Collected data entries
___

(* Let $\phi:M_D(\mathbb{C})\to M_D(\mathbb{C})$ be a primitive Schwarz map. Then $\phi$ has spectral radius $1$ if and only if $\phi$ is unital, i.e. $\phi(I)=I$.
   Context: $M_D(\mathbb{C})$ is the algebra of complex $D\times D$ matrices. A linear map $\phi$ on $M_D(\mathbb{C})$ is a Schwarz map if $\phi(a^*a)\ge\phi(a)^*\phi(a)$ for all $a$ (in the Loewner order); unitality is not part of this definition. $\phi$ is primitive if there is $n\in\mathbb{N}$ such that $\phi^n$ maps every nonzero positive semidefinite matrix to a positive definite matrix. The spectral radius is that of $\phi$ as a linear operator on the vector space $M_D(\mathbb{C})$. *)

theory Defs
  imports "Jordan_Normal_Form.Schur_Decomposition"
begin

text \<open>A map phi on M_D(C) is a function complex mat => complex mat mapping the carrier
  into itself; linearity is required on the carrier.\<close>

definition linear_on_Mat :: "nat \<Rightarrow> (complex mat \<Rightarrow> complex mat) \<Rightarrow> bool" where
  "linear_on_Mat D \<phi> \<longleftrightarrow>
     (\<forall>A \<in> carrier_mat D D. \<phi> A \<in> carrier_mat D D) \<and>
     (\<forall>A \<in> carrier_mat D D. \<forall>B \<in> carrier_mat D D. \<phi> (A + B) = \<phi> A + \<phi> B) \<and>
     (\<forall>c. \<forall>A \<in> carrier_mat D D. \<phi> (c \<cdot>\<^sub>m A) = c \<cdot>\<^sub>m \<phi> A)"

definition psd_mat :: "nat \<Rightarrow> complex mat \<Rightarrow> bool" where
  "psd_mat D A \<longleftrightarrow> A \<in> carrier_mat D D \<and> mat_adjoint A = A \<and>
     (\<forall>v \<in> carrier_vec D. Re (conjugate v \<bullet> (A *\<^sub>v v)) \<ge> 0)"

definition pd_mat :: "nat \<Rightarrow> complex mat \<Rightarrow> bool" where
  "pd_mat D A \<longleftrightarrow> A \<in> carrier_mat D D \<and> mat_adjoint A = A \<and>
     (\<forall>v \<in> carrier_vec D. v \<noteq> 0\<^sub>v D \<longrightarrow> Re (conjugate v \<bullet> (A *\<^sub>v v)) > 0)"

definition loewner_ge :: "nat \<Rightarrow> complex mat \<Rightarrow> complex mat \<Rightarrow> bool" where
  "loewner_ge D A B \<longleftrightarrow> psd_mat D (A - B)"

___

**YOUR TASK:**
Among the lines above, find those with the word "conjugate" and list them.

**WRITTEN ANSWER:**
     (\<forall>v \<in> carrier_vec D. Re (conjugate v \<bullet> (A *\<^sub>v v)) \<ge> 0)"
     (\<forall>v \<in> carrier_vec D. v \<noteq> 0\<^sub>v D \<longrightarrow> Re (conjugate v \<bullet> (A *\<^sub>v v)) > 0)"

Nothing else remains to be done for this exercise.